**** RECORDS SHOWN ****

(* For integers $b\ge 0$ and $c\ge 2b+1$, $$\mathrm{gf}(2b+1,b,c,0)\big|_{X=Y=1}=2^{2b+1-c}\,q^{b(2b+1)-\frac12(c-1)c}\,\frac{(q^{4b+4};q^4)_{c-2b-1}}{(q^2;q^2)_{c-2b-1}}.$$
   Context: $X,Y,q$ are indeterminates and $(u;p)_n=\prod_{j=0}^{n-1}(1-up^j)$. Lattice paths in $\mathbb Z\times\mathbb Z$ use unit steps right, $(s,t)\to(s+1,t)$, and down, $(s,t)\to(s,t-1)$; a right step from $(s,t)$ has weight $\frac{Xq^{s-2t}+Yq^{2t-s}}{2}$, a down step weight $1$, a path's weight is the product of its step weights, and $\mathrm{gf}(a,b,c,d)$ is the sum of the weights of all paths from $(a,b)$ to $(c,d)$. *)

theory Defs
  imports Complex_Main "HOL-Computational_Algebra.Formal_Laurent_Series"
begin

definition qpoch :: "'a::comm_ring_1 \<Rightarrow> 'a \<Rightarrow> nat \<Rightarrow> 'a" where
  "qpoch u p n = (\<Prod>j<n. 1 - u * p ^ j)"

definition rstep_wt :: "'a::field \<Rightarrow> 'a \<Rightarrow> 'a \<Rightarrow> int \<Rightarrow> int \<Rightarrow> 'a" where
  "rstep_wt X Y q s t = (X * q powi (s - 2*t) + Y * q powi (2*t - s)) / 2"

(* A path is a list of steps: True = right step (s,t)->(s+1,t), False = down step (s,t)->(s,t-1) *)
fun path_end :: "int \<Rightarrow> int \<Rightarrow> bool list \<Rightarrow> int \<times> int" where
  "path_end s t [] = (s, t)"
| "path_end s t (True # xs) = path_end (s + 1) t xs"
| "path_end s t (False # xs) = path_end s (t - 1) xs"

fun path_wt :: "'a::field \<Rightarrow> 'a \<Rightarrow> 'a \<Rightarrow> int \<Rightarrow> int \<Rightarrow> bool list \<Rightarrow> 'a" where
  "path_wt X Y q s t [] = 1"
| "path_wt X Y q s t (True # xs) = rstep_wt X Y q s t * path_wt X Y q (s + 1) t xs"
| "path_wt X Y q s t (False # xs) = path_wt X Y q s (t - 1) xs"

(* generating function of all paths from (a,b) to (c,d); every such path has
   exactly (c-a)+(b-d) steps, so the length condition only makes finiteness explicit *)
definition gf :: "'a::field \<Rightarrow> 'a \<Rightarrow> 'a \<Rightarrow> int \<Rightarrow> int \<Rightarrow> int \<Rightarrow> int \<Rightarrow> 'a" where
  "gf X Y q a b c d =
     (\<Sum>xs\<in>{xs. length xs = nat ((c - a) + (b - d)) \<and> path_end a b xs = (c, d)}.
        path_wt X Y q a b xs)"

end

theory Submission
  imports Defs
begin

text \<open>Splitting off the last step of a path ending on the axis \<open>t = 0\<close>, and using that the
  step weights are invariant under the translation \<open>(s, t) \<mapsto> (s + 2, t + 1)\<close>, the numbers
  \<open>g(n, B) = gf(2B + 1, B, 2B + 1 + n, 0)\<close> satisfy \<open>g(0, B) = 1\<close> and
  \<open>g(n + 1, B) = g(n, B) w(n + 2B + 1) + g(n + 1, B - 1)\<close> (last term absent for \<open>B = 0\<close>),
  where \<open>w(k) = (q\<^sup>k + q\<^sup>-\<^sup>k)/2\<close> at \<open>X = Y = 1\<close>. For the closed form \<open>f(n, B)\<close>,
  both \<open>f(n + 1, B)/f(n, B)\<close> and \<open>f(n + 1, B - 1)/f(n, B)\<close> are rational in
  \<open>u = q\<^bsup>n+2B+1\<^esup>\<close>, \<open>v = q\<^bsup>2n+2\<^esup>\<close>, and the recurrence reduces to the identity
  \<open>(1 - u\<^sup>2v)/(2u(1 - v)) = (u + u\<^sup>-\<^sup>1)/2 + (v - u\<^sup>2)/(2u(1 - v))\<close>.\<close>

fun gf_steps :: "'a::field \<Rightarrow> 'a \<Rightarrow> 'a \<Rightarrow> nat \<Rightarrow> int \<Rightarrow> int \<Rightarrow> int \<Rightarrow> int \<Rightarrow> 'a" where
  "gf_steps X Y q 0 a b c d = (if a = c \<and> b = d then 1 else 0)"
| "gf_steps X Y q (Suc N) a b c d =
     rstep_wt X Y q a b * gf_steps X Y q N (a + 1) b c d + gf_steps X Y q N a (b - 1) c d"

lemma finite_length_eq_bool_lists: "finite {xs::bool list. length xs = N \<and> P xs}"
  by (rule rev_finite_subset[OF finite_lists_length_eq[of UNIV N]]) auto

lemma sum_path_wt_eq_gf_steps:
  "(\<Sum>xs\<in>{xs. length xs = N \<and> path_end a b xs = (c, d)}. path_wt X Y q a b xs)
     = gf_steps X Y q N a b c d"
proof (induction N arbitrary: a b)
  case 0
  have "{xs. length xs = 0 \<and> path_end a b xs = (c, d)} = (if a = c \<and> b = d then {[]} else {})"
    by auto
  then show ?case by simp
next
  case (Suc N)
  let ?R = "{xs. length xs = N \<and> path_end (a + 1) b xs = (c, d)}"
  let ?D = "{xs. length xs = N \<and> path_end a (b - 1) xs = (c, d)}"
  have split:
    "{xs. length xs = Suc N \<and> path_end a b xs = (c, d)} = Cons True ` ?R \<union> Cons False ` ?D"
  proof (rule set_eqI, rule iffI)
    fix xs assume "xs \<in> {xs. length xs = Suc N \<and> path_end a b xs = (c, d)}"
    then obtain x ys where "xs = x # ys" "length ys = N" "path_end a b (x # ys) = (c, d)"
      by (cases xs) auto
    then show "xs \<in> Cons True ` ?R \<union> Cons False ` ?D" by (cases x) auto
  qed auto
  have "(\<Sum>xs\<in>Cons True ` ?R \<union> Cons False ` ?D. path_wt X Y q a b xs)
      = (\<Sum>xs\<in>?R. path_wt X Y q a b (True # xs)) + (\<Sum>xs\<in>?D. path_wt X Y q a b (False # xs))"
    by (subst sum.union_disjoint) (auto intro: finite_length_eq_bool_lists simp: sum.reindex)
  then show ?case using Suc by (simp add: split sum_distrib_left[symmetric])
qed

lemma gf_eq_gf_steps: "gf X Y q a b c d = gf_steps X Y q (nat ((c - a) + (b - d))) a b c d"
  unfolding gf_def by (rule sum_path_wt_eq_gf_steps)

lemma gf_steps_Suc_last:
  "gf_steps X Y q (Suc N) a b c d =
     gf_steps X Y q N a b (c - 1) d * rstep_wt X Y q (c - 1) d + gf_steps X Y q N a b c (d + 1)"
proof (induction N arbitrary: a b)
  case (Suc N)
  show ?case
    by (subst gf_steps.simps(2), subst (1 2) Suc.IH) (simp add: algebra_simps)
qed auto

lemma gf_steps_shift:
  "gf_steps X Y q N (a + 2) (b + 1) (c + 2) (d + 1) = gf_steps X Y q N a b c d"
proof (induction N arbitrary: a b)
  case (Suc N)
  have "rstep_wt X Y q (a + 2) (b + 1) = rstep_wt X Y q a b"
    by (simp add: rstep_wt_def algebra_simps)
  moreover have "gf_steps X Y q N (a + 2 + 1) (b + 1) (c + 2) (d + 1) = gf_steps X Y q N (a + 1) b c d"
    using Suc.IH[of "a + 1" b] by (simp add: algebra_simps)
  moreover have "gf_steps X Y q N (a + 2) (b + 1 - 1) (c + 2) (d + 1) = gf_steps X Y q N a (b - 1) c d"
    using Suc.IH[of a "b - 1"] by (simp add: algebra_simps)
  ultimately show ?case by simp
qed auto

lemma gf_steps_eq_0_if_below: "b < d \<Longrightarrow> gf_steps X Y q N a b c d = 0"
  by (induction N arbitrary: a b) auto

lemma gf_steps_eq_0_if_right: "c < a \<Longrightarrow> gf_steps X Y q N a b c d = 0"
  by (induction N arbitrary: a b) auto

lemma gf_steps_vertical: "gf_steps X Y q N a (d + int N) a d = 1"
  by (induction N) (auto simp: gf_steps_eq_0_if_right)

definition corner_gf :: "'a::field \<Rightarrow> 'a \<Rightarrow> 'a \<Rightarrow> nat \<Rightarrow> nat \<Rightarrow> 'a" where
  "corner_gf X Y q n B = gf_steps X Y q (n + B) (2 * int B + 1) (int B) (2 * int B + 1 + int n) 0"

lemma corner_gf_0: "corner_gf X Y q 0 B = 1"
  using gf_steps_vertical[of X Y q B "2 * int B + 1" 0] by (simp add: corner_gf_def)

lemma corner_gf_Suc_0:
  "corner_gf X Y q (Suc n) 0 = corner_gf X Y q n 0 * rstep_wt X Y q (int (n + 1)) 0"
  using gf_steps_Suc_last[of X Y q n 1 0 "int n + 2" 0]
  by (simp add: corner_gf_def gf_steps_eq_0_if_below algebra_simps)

****

*GOAL OF THE EXERCISE:* Determine how many lines in the records include the string "else". Only that number should be given.

*TASK SOLUTION:* 2